As the visual image capture rate of the camera may be quite high, there may be redundant information in the video frames. Accordingly, in some embodiments, only frames at intervals may be considered for landmark identification (as a sequence of substantially identical frames would likely simply result in the same classification result). Thus, at block 2155d the computer system may decimate or otherwise exclude certain of the visual images from landmark processing. Similarly, in some embodiments, at block 2155e, the system may perform any model adjustments, such as hole identification and supplementation, to create model 2140b. Block 2155e may likewise include the association of some landmarks with holes or in-filled regions. At blocks 2155f and 2155g, the system may then iterate over the visual images to attempt to detect landmarks at block 2155h. The classification results may then be associated with the visual image at block 2155i, which, as discussed above with refence to FIG. 21A, may imply a reference to a corresponding portion of the model 2140a, 2140b (including a hole 2145b or supplemented region 2150b), related timestamps in the playback, etc.

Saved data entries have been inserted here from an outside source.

lemma fund_mat_insert:
  assumes "k \<in> A" "t \<notin> A" "m \<notin> insert t A"
  shows "fund_mat P (insert t A) s m =
    fund_mat P A s m - fund_mat P A s t * fund_mat P A t m / fund_mat P A t t"
proof -
  let ?F = "fund_mat P A"
  define G where
    "G x y = (if y \<in> insert t A then 0 else ?F x y - ?F x t * ?F t y / ?F t t)" for x y
  have Ftt: "?F t t \<noteq> 0"
    using fund_mat_diag_ge_1[OF assms(1,2)] by simp
  have "fund_eqns P (insert t A) G"
    unfolding fund_eqns_def
  proof (intro conjI allI impI)
    fix x y assume x: "x \<notin> insert t A" and y: "y \<notin> insert t A"
    have "(\<Sum>j\<in>UNIV. P x j * G j y)
        = (\<Sum>j\<in>UNIV. P x j * ?F j y) - (\<Sum>j\<in>UNIV. P x j * ?F j t) * (?F t y / ?F t t)"
      using y
      by (simp add: G_def right_diff_distrib sum_subtractf sum_distrib_right sum_divide_distrib
          mult.assoc)
    also have "\<dots> = (?F x y - (if x = y then 1 else 0)) - ?F x t * (?F t y / ?F t t)"
      using fund_mat_row[OF assms(1), of x y] fund_mat_row[OF assms(1) _ assms(2), of x] x y by auto
    finally show "G x y = (if x = y then 1 else 0) + (\<Sum>j\<in>UNIV. P x j * G j y)"
      using y by (simp add: G_def)
  next
    fix x y assume "x \<in> insert t A \<or> y \<in> insert t A"
    then show "G x y = 0"
      using Ftt fund_mat_zero[OF assms(1)] assms(2) by (auto simp: G_def)
  qed
  then have "fund_mat P (insert t A) = G"
    using assms(1) by (intro fund_mat_eqI) auto
  then show ?thesis
    using assms(3) by (simp add: G_def)
qed
lemma isotropic_detects_anisotropic_if_isometric:
  fixes A B :: "'a::field mat"
  assumes iso: "isometric A B" and B: "B \<in> carrier_mat n n"
    and det: "isotropic_detects_anisotropic B n"
  shows "isotropic_detects_anisotropic A n"
  unfolding isotropic_detects_anisotropic_def
proof (intro ballI impI)
  fix y assume y: "y \<in> carrier_vec n" and qy: "bil A y y \<noteq> 0"
  obtain P Q where A: "A \<in> carrier_mat n n" and PQ: "P \<in> carrier_mat n n" "Q \<in> carrier_mat n n"
    "P * Q = 1\<^sub>m n" and "Q * P = 1\<^sub>m n" and PAP: "transpose_mat P * A * P = B"
    by (rule isometricE[OF iso B])
  have Py: "P *\<^sub>v (Q *\<^sub>v y) = y" by (rule mult_inverse_vec[OF PQ y])
  have Qy: "Q *\<^sub>v y \<in> carrier_vec n" using PQ y by simp
  have "bil B (Q *\<^sub>v y) (Q *\<^sub>v y) \<noteq> 0"
    unfolding PAP[symmetric] bil_congruence[OF A PQ(1) Qy Qy] Py by (rule qy)
  then obtain x where x: "x \<in> carrier_vec n" "bil B x x = 0" "bil B x (Q *\<^sub>v y) \<noteq> 0"
    using det Qy unfolding isotropic_detects_anisotropic_def by auto
  show "\<exists>x\<in>carrier_vec n. bil A x x = 0 \<and> bil A x y \<noteq> 0"
    using x PQ(1) unfolding PAP[symmetric] bil_congruence[OF A PQ(1) x(1) x(1)]
      bil_congruence[OF A PQ(1) x(1) Qy] Py by auto
qed
lemma uniformly_convex_slope_eq:
  fixes \<phi> :: "'a::euclidean_space \<Rightarrow> real"
  assumes "is_norm_fn \<phi>" and cvx: "convex_on UNIV (\<lambda>x. \<phi> x - \<gamma> * norm x)" and "0 \<le> \<gamma>"
    and "v \<noteq> 0" and "linear L" and "0 < r"
    and "\<And>h. norm h < r \<Longrightarrow> \<phi> v + L h - M * (norm h)\<^sup>2 \<le> \<phi> (v + h)"
  shows "L v = \<phi> v"
proof -
  have "L v - \<gamma> * ((v \<bullet> v) / norm v) = \<phi> v - \<gamma> * norm v"
  proof (rule subgradient_eq_of_positively_homogeneous
      [where L = "\<lambda>h. L h - \<gamma> * ((v \<bullet> h) / norm v)" and f = "\<lambda>x. \<phi> x - \<gamma> * norm x"])
    show "linear (\<lambda>h. L h - \<gamma> * ((v \<bullet> h) / norm v))"
      using \<open>linear L\<close>
      by (simp add: linear_iff algebra_simps add_divide_distrib)
    show "\<phi> (c *\<^sub>R v) - \<gamma> * norm (c *\<^sub>R v) = c * (\<phi> v - \<gamma> * norm v)" if "0 \<le> c" for c
      using norm_fn_scaleR[OF \<open>is_norm_fn \<phi>\<close> that] that by (simp add: algebra_simps)
    show "\<phi> v - \<gamma> * norm v + (L s - \<gamma> * ((v \<bullet> s) / norm v)) \<le> \<phi> (v + s) - \<gamma> * norm (v + s)" for s
      using uniformly_convex_subgradient[OF cvx assms(3-7)] .
  qed
  moreover have "(v \<bullet> v) / norm v = norm v"
    using \<open>v \<noteq> 0\<close> by (simp add: dot_square_norm power2_eq_square)
  ultimately show ?thesis
    by simp
qed

lemma ptwise_twice_diff_quadratic_minorant:
  fixes f :: "'a::euclidean_space \<Rightarrow> real"
  assumes "ptwise_twice_diff f x"
  obtains L M r where "linear L" and "0 \<le> M" and "0 < r"
    and "\<And>h. norm h < r \<Longrightarrow> f x + L h - M * (norm h)\<^sup>2 \<le> f (x + h)"
proof -
  obtain L Q where "linear L" and "bilinear Q"
    and lim: "((\<lambda>y. \<bar>f y - (f x + L (y - x) + Q (y - x) (y - x))\<bar> / (norm (y - x))\<^sup>2) \<longlongrightarrow> 0) (at x)"
    using assms unfolding ptwise_twice_diff_def by blast
  obtain KQ where "0 \<le> KQ" and KQ: "\<And>u w. norm (Q u w) \<le> norm u * norm w * KQ"
    using bounded_bilinear.nonneg_bounded \<open>bilinear Q\<close> bilinear_conv_bounded_bilinear by blast
  obtain r where "0 < r" and close: "\<And>y. y \<noteq> x \<Longrightarrow> dist y x < r \<Longrightarrow>
      \<bar>f y - (f x + L (y - x) + Q (y - x) (y - x))\<bar> / (norm (y - x))\<^sup>2 < 1"
    using tendstoD[OF lim zero_less_one] unfolding eventually_at by auto
  have minorant: "f x + L h - (KQ + 1) * (norm h)\<^sup>2 \<le> f (x + h)" if "norm h < r" for h
  proof (cases "h = 0")
    case True
    then show ?thesis
      using linear_0[OF \<open>linear L\<close>] by simp
  next
    case False
    then have "\<bar>f (x + h) - (f x + L h + Q h h)\<bar> < (norm h)\<^sup>2"
      using close[of "x + h"] that by (simp add: dist_norm field_simps)
    moreover have "\<bar>Q h h\<bar> \<le> KQ * (norm h)\<^sup>2"
      using KQ[of h h] by (simp add: power2_eq_square algebra_simps)
    ultimately show ?thesis
      by (simp add: algebra_simps abs_less_iff abs_le_iff)
  qed
  show ?thesis
    by (rule that[OF \<open>linear L\<close> _ \<open>0 < r\<close> minorant]) (use \<open>0 \<le> KQ\<close> in simp_all)
qed
text \<open>By telescoping,
  \<open>A\<^sub>1 \<otimes> \<dots> \<otimes> A\<^sub>N - B\<^sub>1 \<otimes> \<dots> \<otimes> B\<^sub>N = \<Sum>\<^sub>n B\<^sub>1 \<otimes> \<dots> \<otimes> B\<^sub>n\<^sub>-\<^sub>1 \<otimes> (A\<^sub>n - B\<^sub>n) \<otimes> A\<^sub>n\<^sub>+\<^sub>1 \<otimes> \<dots> \<otimes> A\<^sub>N\<close>.
  The Frobenius norm is multiplicative under \<open>\<otimes>\<close>, so each of these \<open>N\<close> terms has norm
  \<open>\<alpha>\<^sup>N\<^sup>-\<^sup>1 \<parallel>A\<^sub>n - B\<^sub>n\<parallel>\<close>. The triangle inequality over \<open>n\<close> and over the \<open>r\<close> summands,
  followed by Cauchy-Schwarz for the resulting sum of \<open>N r\<close> norms, gives the bound.\<close>

lemma sum_lessThan_mult_div_mod:
  fixes g :: "nat \<Rightarrow> nat \<Rightarrow> 'a :: comm_monoid_add"
  shows "(\<Sum>i<a * b. g (i div b) (i mod b)) = (\<Sum>i<a. \<Sum>j<b. g i j)"
proof -
  have "(\<Sum>i<a * b. g (i div b) (i mod b)) = (\<Sum>i<a. \<Sum>t\<in>{i * b..<i * b + b}. g (t div b) (t mod b))"
    by (rule sum.nat_group[symmetric])
  also have "\<dots> = (\<Sum>i<a. \<Sum>j<b. g i j)"
  proof (rule sum.cong[OF refl])
    fix i
    have "(\<Sum>t\<in>{i * b..<i * b + b}. g (t div b) (t mod b))
        = (\<Sum>j\<in>{0..<b}. g ((i * b + j) div b) ((i * b + j) mod b))"
      by (subst sum.atLeastLessThan_shift_0) (simp add: comp_def)
    also have "\<dots> = (\<Sum>j\<in>{0..<b}. g i j)"
      by (rule sum.cong) auto
    finally show "(\<Sum>t\<in>{i * b..<i * b + b}. g (t div b) (t mod b)) = (\<Sum>j<b. g i j)"
      by (simp add: atLeast0LessThan)
  qed
  finally show ?thesis .
qed
(* Let $\mathbf{C}$ be a locally small category, $\Omega$ an object, $\Phi\colon\mathbf{C}^{\mathrm{op}}\to\mathbf{Pos}$ a functor whose fibres have all meets preserved by reindexing $f^*=\Phi f$, and $d_\Omega\in\Phi\Omega$. Let $\alpha_Y(S)=\bigwedge_{k\in S}k^*(d_\Omega)$, $\gamma_Y(d)=\{k\in\mathbf{C}(Y,\Omega)\mid d\preceq k^*(d_\Omega)\}$, $\mathrm{cl}_Y=\gamma_Y\circ\alpha_Y$. Let $F\colon\mathbf{C}\to\mathbf{C}$ be a functor, $(\mathit{ev}_\lambda\colon F\Omega\to\Omega)_{\lambda\in\Lambda}$ morphisms, $\Lambda_Y(S)=\{\mathit{ev}_\lambda\circ Fh\mid\lambda\in\Lambda,h\in S\}$, and $\mathcal{K}_X=\alpha_{FX}\circ\Lambda_X\circ\gamma_X$. Fix an object $X$ and a closure operator $\mathrm{cl}'_X$ on $(\mathcal{P}(\mathbf{C}(X,\Omega)),\subseteq)$ that is a subclosure of $\mathrm{cl}_X$ ($\mathrm{cl}'_X\subseteq\mathrm{cl}_X$ pointwise) and is compatible ($\Lambda_X\circ\mathrm{cl}'_X\circ\mathrm{cl}_X\subseteq\mathrm{cl}_{FX}\circ\Lambda_X\circ\mathrm{cl}'_X$ pointwise). For a set $\Theta_X\subseteq\mathbf{C}(X,\Omega)$ and a coalgebra $c\colon X\to FX$ define the logic function $\mathrm{lo}_X(S)=\mathcal{P}(c^\bullet)(\Lambda_X(\mathrm{cl}'_X(S)))\cup\Theta_X$ and the behaviour function $\mathrm{be}_X(d)=c^*(\mathcal{K}_X(d))\wedge\alpha_X(\Theta_X)$ on $\Phi X$. Then $\alpha_X\circ\mathrm{lo}_X\circ\gamma_X=\mathrm{be}_X$.
   Context: A closure operator is a monotone, idempotent, extensive map. $c^\bullet\colon\mathbf{C}(FX,\Omega)\to\mathbf{C}(X,\Omega)$ is precomposition with $c$, $\mathcal{P}(c^\bullet)$ its direct image, and $c^*=\Phi c\colon\Phi(FX)\to\Phi X$. *)

theory Defs
  imports Main
begin

text \<open>A (locally small) category: objects are the elements of type 'o, morphisms the
elements of type 'm; cmp g f is g after f (defined when trg f = src g).\<close>

locale category =
  fixes src :: "'m \<Rightarrow> 'o" and trg :: "'m \<Rightarrow> 'o"
    and cmp :: "'m \<Rightarrow> 'm \<Rightarrow> 'm" and ide :: "'o \<Rightarrow> 'm"
  assumes src_ide: "src (ide a) = a" and trg_ide: "trg (ide a) = a"
    and src_comp: "trg f = src g \<Longrightarrow> src (cmp g f) = src f"
    and trg_comp: "trg f = src g \<Longrightarrow> trg (cmp g f) = trg g"
    and comp_ide_right: "cmp f (ide (src f)) = f"
    and comp_ide_left: "cmp (ide (trg f)) f = f"
    and comp_assoc: "trg f = src g \<Longrightarrow> trg g = src h \<Longrightarrow>
                     cmp h (cmp g f) = cmp (cmp h g) f"

definition hom :: "('m \<Rightarrow> 'o) \<Rightarrow> ('m \<Rightarrow> 'o) \<Rightarrow> 'o \<Rightarrow> 'o \<Rightarrow> 'm set" where
  "hom src trg a b = {f. src f = a \<and> trg f = b}"

locale endofunctor = category src trg cmp ide
  for src :: "'m \<Rightarrow> 'o" and trg cmp ide +
  fixes Fo :: "'o \<Rightarrow> 'o" and Fm :: "'m \<Rightarrow> 'm"
  assumes F_src: "src (Fm f) = Fo (src f)" and F_trg: "trg (Fm f) = Fo (trg f)"
    and F_ide: "Fm (ide a) = ide (Fo a)"
    and F_comp: "trg f = src g \<Longrightarrow> Fm (cmp g f) = cmp (Fm g) (Fm f)"

definition is_glb :: "('p \<Rightarrow> 'p \<Rightarrow> bool) \<Rightarrow> 'p set \<Rightarrow> 'p set \<Rightarrow> 'p \<Rightarrow> bool" where
  "is_glb le C A m \<longleftrightarrow> m \<in> C \<and> (\<forall>x\<in>A. le m x) \<and> (\<forall>y\<in>C. (\<forall>x\<in>A. le y x) \<longrightarrow> le y m)"
(* Let $\bm{d}\in\mathbb{R}^n$ with $\|\bm{d}\|_2=1$, and let $\bm{a}\sim\mathcal{N}(\bm{0},\bm{I}_n)$. Then for every $\tau\ge 0$, $$\mathbb{E}\!\left[\langle\bm{a},\bm{d}\rangle^2 \,\middle|\, \langle\bm{a},\bm{d}\rangle^2\ge\tau\right]\ \ge\ \frac{6-\tau\,\mathrm{erf}(\sqrt{\tau})}{6-3\,\mathrm{erf}(\sqrt{\tau})}.$$
   Context: The Gauss error function is $\mathrm{erf}(x):=\frac{1}{\sqrt{\pi}}\int_{-x}^{x}e^{-u^2}\,du$. *)

theory Defs
  imports "HOL-Probability.Probability"
begin

definition erf :: "real \<Rightarrow> real" where
  "erf x = (1 / sqrt pi) * integral {-x..x} (\<lambda>u. exp (- u\<^sup>2))"

definition std_gaussian :: "'a::euclidean_space measure" where
  "std_gaussian = density lborel (\<lambda>x. \<Prod>b\<in>Basis. ennreal (std_normal_density (x \<bullet> b)))"

definition cond_exp_event :: "'a measure \<Rightarrow> ('a \<Rightarrow> real) \<Rightarrow> 'a set \<Rightarrow> real" where
  "cond_exp_event M X A = (\<integral>x. indicator A x * X x \<partial>M) / measure M A"

end

theory Submission
  imports Defs
begin

(* Under the standard Gaussian measure, Z = <a, d> is a sum of independent normal variables
   with total variance |d|^2 = 1, hence standard normal. With s = sqrt tau, the conditional
   expectation is E[Z^2; |Z| >= s] / P(|Z| >= s), and integrating (z phi(z))' = phi(z) - z^2 phi(z)
   over [-s, s] gives E[Z^2; |Z| >= s] = P(|Z| >= s) + 2 s phi(s).
   For tau >= 3/2 the ratio is at least tau, which already exceeds the claimed bound. For
   tau < 3/2 we insert polynomial bounds for erf s, phi(s) and the integral of phi over [-s, s]
   (from Taylor bounds of exp and rational bounds on pi); the claim then reduces to the
   nonnegativity of one polynomial on [0, sqrt (3/2)], checked on six subintervals. *)

section \<open>Linear functionals of the standard Gaussian\<close>

abbreviation std_normal :: "real measure" where
  "std_normal \<equiv> density lborel (\<lambda>x. ennreal (std_normal_density x))"

lemma prob_space_std_normal: "prob_space std_normal"
  using prob_space_normal_density[of 1 0] by simp
lemma dirichlet_kernel_insert:
  assumes "b \<notin> A" "finite A"
  shows "dirichlet_kernel (insert b A) a c s (x(b := y)) =
    (if 0 < y \<and> y < s then y powr (a b - 1) else 0) * dirichlet_kernel A a c (s - y) x"
proof -
  have sum_upd: "sum (x(b := y)) (insert b A) = y + sum x A"
    and prod_upd: "(\<Prod>i\<in>insert b A. (x(b := y)) i powr (a i - 1)) = y powr (a b - 1) * (\<Prod>i\<in>A. x i powr (a i - 1))"
    using assms by (auto intro!: sum.cong prod.cong)
  have "sum x A \<ge> 0" if "\<forall>i\<in>A. 0 < x i"
    using that by (auto intro: sum_nonneg less_imp_le)
  moreover have "(\<forall>i\<in>insert b A. 0 < (x(b := y)) i) \<longleftrightarrow> 0 < y \<and> (\<forall>i\<in>A. 0 < x i)"
    using assms(1) by auto
  ultimately have "((\<forall>i\<in>insert b A. 0 < (x(b := y)) i) \<and> y + sum x A < s) \<longleftrightarrow>
     (0 < y \<and> y < s) \<and> (\<forall>i\<in>A. 0 < x i) \<and> sum x A < s - y"
    by auto
  then show ?thesis
    unfolding dirichlet_kernel_def sum_upd prod_upd by (auto simp: diff_diff_eq mult_ac)
qed
lemma riesz_representation:
  fixes f :: "'a::{real_inner, complete_space} \<Rightarrow> real"
  assumes "bounded_linear f"
  shows "\<exists>p. \<forall>y. f y = y \<bullet> p"
proof (cases "\<forall>y. f y = 0")
  case True thus ?thesis by (intro exI[of _ 0]) simp
next
  case False
  then obtain z where "f z \<noteq> 0" by blast
  interpret f: bounded_linear f by fact
  define N where "N = {y. f y = 0}"
  have "closed N"
    unfolding N_def using continuous_closed_preimage_constant[of UNIV f 0]
    by (simp add: linear_continuous_on assms)
  moreover have "subspace N" unfolding N_def by (rule linear_subspace_kernel) (rule f.linear)
  define w where "w = z - metric_proj N z"
  have w_orth: "s \<bullet> w = 0" if "s \<in> N" for s
    using metric_proj_orthogonal[OF \<open>subspace N\<close> \<open>closed N\<close> that] by (simp add: w_def inner_commute)
  have "f (metric_proj N z) = 0"
    using metric_proj_in_subspace[OF \<open>subspace N\<close> \<open>closed N\<close>] N_def by simp
  hence fw: "f w = f z" by (simp add: w_def f.diff)
  hence "w \<noteq> 0" using \<open>f z \<noteq> 0\<close> f.zero by auto
  show ?thesis
  proof (intro exI[of _ "(f w / (w \<bullet> w)) *\<^sub>R w"] allI)
    fix y
    have "y - (f y / f w) *\<^sub>R w \<in> N"
      using fw \<open>f z \<noteq> 0\<close> by (simp add: N_def f.diff f.scaleR)
    hence "(y - (f y / f w) *\<^sub>R w) \<bullet> w = 0" by (rule w_orth)
    hence "y \<bullet> w = (f y / f w) * (w \<bullet> w)" by (simp add: inner_diff_left)
    thus "f y = y \<bullet> ((f w / (w \<bullet> w)) *\<^sub>R w)"
      using \<open>w \<noteq> 0\<close> fw \<open>f z \<noteq> 0\<close> by (simp add: field_simps)
  qed
qed

lemma inner_convergent_span:
  assumes "\<forall>y\<in>T. convergent (\<lambda>i. v i \<bullet> y)" "y \<in> span T"
  shows "convergent (\<lambda>i. v i \<bullet> y)"
  using assms(2)
proof (induction rule: span_induct_alt)
  case base thus ?case by (simp add: convergent_const)
next
  case (step c x y)
  have "convergent (\<lambda>i. c * (v i \<bullet> x) + v i \<bullet> y)"
    using assms(1) step by (intro convergent_add convergent_mult convergent_const) auto
  thus ?case by (simp add: inner_add_right)
qed

lemma inner_convergent_closure:
  fixes v :: "nat \<Rightarrow> 'a::real_inner"
  assumes bounded: "\<forall>i. norm (v i) \<le> B"
    and conv: "\<forall>y\<in>T. convergent (\<lambda>i. v i \<bullet> y)" and "y \<in> closure T"
  shows "convergent (\<lambda>i. v i \<bullet> y)"
  unfolding Cauchy_convergent_iff[symmetric]
proof (rule metric_CauchyI)
  fix e :: real assume "e > 0"
  have "0 \<le> B" using bounded norm_ge_zero order_trans by blast
  then obtain z where "z \<in> T" and z: "dist y z < e / (4 * (B + 1))"
    using closure_approachableD[OF \<open>y \<in> closure T\<close>, of "e / (4 * (B + 1))"] \<open>e > 0\<close> by auto
  have "Cauchy (\<lambda>i. v i \<bullet> z)" using conv \<open>z \<in> T\<close> Cauchy_convergent_iff by blast
  then obtain M where M: "\<And>m n. M \<le> m \<Longrightarrow> M \<le> n \<Longrightarrow> dist (v m \<bullet> z) (v n \<bullet> z) < e/2"
    using metric_CauchyD[of _ "e/2"] \<open>e > 0\<close> by (meson half_gt_zero)
  have small: "\<bar>v i \<bullet> (y - z)\<bar> < e/4" for i
  proof -
    have "\<bar>v i \<bullet> (y - z)\<bar> \<le> norm (v i) * norm (y - z)" by (rule Cauchy_Schwarz_ineq2)
    also have "\<dots> \<le> B * (e / (4 * (B + 1)))"
      using bounded z \<open>0 \<le> B\<close> by (intro mult_mono) (auto simp: dist_norm)
    also have "\<dots> < e/4" using \<open>0 \<le> B\<close> \<open>e > 0\<close> by (simp add: field_simps)
    finally show ?thesis .
  qed
  have "dist (v m \<bullet> y) (v n \<bullet> y) < e" if "M \<le> m" "M \<le> n" for m n
  proof -
    have "v m \<bullet> y - v n \<bullet> y = (v m \<bullet> z - v n \<bullet> z) + v m \<bullet> (y - z) - v n \<bullet> (y - z)"
      by (simp add: inner_diff_right)
    thus ?thesis using M[OF that] small[of m] small[of n] unfolding dist_real_def by linarith
  qed
  thus "\<exists>M. \<forall>m\<ge>M. \<forall>n\<ge>M. dist (v m \<bullet> y) (v n \<bullet> y) < e" by blast
qed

Pre-processing, as in this example, may facilitate a more comprehensive presentation of the examination to the reviewer as well as a more comprehensive determination of the examination's quality (as discussed herein, such processing may occur in real-time upon previously reviewed regions to guide operator follow-up coverage). For example, having a supplemented model 2140b that strives for real-world fidelity may improve quality assessment of the review (as when the surface area of model 2140a is compared with that of model 2140b to determine how egregious the size of the holes in the review were, based upon the difference or ratio in surface area or volume). Further supplementing the model with landmark identification may also serve to anchor the review to recognizable locations and events. For example, a landmark may indicate, e.g., that a hole corresponds to a gastric bypass or other operation changing the volume or structure of the internal body structure. This may be important knowledge as it may allow the system to adjust the supplemented region 2150b, either discounting the difference in surface area from the model 2145b or otherwise acknowledging that the supplemental region 2150b is atypical. Similarly, recognizing landmarks in covered regions of the model 2140a may facilitate spatiotemporal orientation of the reviewer and confirmation of other automated processes. For example, a simple preventative care examination may have taken three times as long as expected and so may initially receive a below average score. However, recognition of a landmark corresponding to a polyp or cancerous growth early in the procedure may alert the system or reviewer to the atypical character of the review and that the operator's extended response time was not therefore unusual.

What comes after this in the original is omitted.